#include<cstdio>
int main() {
int a[5] = {1,2,3,4,5};
int *ptr = (int*)(&a+1);
printf("%d %d" ,*(a+1),*(ptr-1));
}
here there the address location of a+1 is typecasted to point ptr;
i have tried ptr = (int)&a it is pointing the array.. as pointer address is stored in some location pointer ptr is pointing to that location how it is able to reference the location of array elements using *ptr
the output of the program is 2 5 can you please explain how 5 is the output
Since a is an array of 5 ints, &a is a pointer to an array of 5 ints.
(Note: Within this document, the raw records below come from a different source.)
definition holder_quots :: "real \<Rightarrow> (real \<Rightarrow> complex) \<Rightarrow> real set" where
  "holder_quots s f = {norm (f (x + h) - f x) / (tabs h) powr s | x h. h \<notin> \<int>}"

definition holder_space :: "real \<Rightarrow> (real \<Rightarrow> complex) set" where
  "holder_space s = {f. periodic1 f \<and> bounded (range f) \<and> bdd_above (holder_quots s f)}"

definition holder_norm :: "real \<Rightarrow> (real \<Rightarrow> complex) \<Rightarrow> real" where
  "holder_norm s f = Sup (holder_quots s f) + Sup (range (\<lambda>x. norm (f x)))"

definition cont_functional :: "real \<Rightarrow> ((real \<Rightarrow> complex) \<Rightarrow> complex) \<Rightarrow> bool" where
  "cont_functional s \<phi> \<longleftrightarrow>
     (\<forall>f\<in>holder_space s. \<forall>g\<in>holder_space s. \<phi> (\<lambda>x. f x + g x) = \<phi> f + \<phi> g) \<and>
     (\<forall>f\<in>holder_space s. \<forall>c. \<phi> (\<lambda>x. c * f x) = c * \<phi> f) \<and>
     (\<exists>C. \<forall>f\<in>holder_space s. norm (\<phi> f) \<le> C * holder_norm s f)"

definition dual_norm :: "real \<Rightarrow> ((real \<Rightarrow> complex) \<Rightarrow> complex) \<Rightarrow> real" where
  "dual_norm s \<phi> = Sup {norm (\<phi> f) | f. f \<in> holder_space s \<and> holder_norm s f \<le> 1}"

definition r_nuclear :: "real \<Rightarrow> real \<Rightarrow> real \<Rightarrow> ((real \<Rightarrow> complex) \<Rightarrow> (real \<Rightarrow> complex)) \<Rightarrow> bool" where
  "r_nuclear r s w T \<longleftrightarrow>
     (\<forall>u\<in>holder_space s. T u \<in> holder_space w) \<and>
     (\<exists>e :: nat \<Rightarrow> (real \<Rightarrow> complex) \<Rightarrow> complex. \<exists>y :: nat \<Rightarrow> real \<Rightarrow> complex.
        (\<forall>n. cont_functional s (e n)) \<and> (\<forall>n. y n \<in> holder_space w) \<and>
        summable (\<lambda>n. (dual_norm s (e n)) powr r * (holder_norm w (y n)) powr r) \<and>
        (\<forall>u\<in>holder_space s.
           (\<lambda>N. holder_norm w (\<lambda>x. T u x - (\<Sum>n<N. e n u * y n x))) \<longlonglongrightarrow> 0))"

definition symbol_class :: "real \<Rightarrow> real \<Rightarrow> real \<Rightarrow> (real \<Rightarrow> int \<Rightarrow> complex) \<Rightarrow> bool" where
  "symbol_class m \<rho> \<delta> a \<longleftrightarrow>
     (\<forall>\<xi>. periodic1 (\<lambda>x. a x \<xi>)) \<and>
     (\<exists>D :: nat \<Rightarrow> real \<Rightarrow> int \<Rightarrow> complex. D 0 = a \<and>
        (\<forall>k x \<xi>. ((\<lambda>t. D k t \<xi>) has_vector_derivative D (Suc k) x \<xi>) (at x)) \<and>
        (\<forall>\<beta>\<le>2. \<exists>C. \<forall>x \<xi>. norm (D \<beta> x \<xi>) \<le> C * japanese \<xi> powr (m + \<delta> * real \<beta>)))"

definition pseudo_op :: "(real \<Rightarrow> int \<Rightarrow> complex) \<Rightarrow> (real \<Rightarrow> complex) \<Rightarrow> real \<Rightarrow> complex" where
  "pseudo_op a u x = (\<Sum>\<^sub>\<infinity>\<xi>::int. exp (\<i> * 2 * pi * of_real x * of_int \<xi>) * a x \<xi> * fourier_coeff u \<xi>)"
Because pointer arithmetic operates on multiples of the size of the pointed type, &a+1 is a pointer to a fictional array of 5 ints right after the ints stored in a. When you cast that to pointer to int and store in ptr you get a pointer to the first int in that array.
In other words,
int *ptr = (int*)(&a+1);
is equivalent to
int *ptr = (a + 5);
and this makes *(ptr-1) the same as *(a+4), which is the same as a[4], the last element of a.
The name of the array is the address. So &a and a have same value. &a evaluates to the same address and it creates a pointer of the type int(*)[size] which is a pointer to an array, not to a single element. If you increment this pointer, it'll add the size of the entire array, not the size of a single element.
int * ptr = &a[0]; ptr 现在指向数组的第一个元素 (1) ptr + 1 指向 2,依此类推。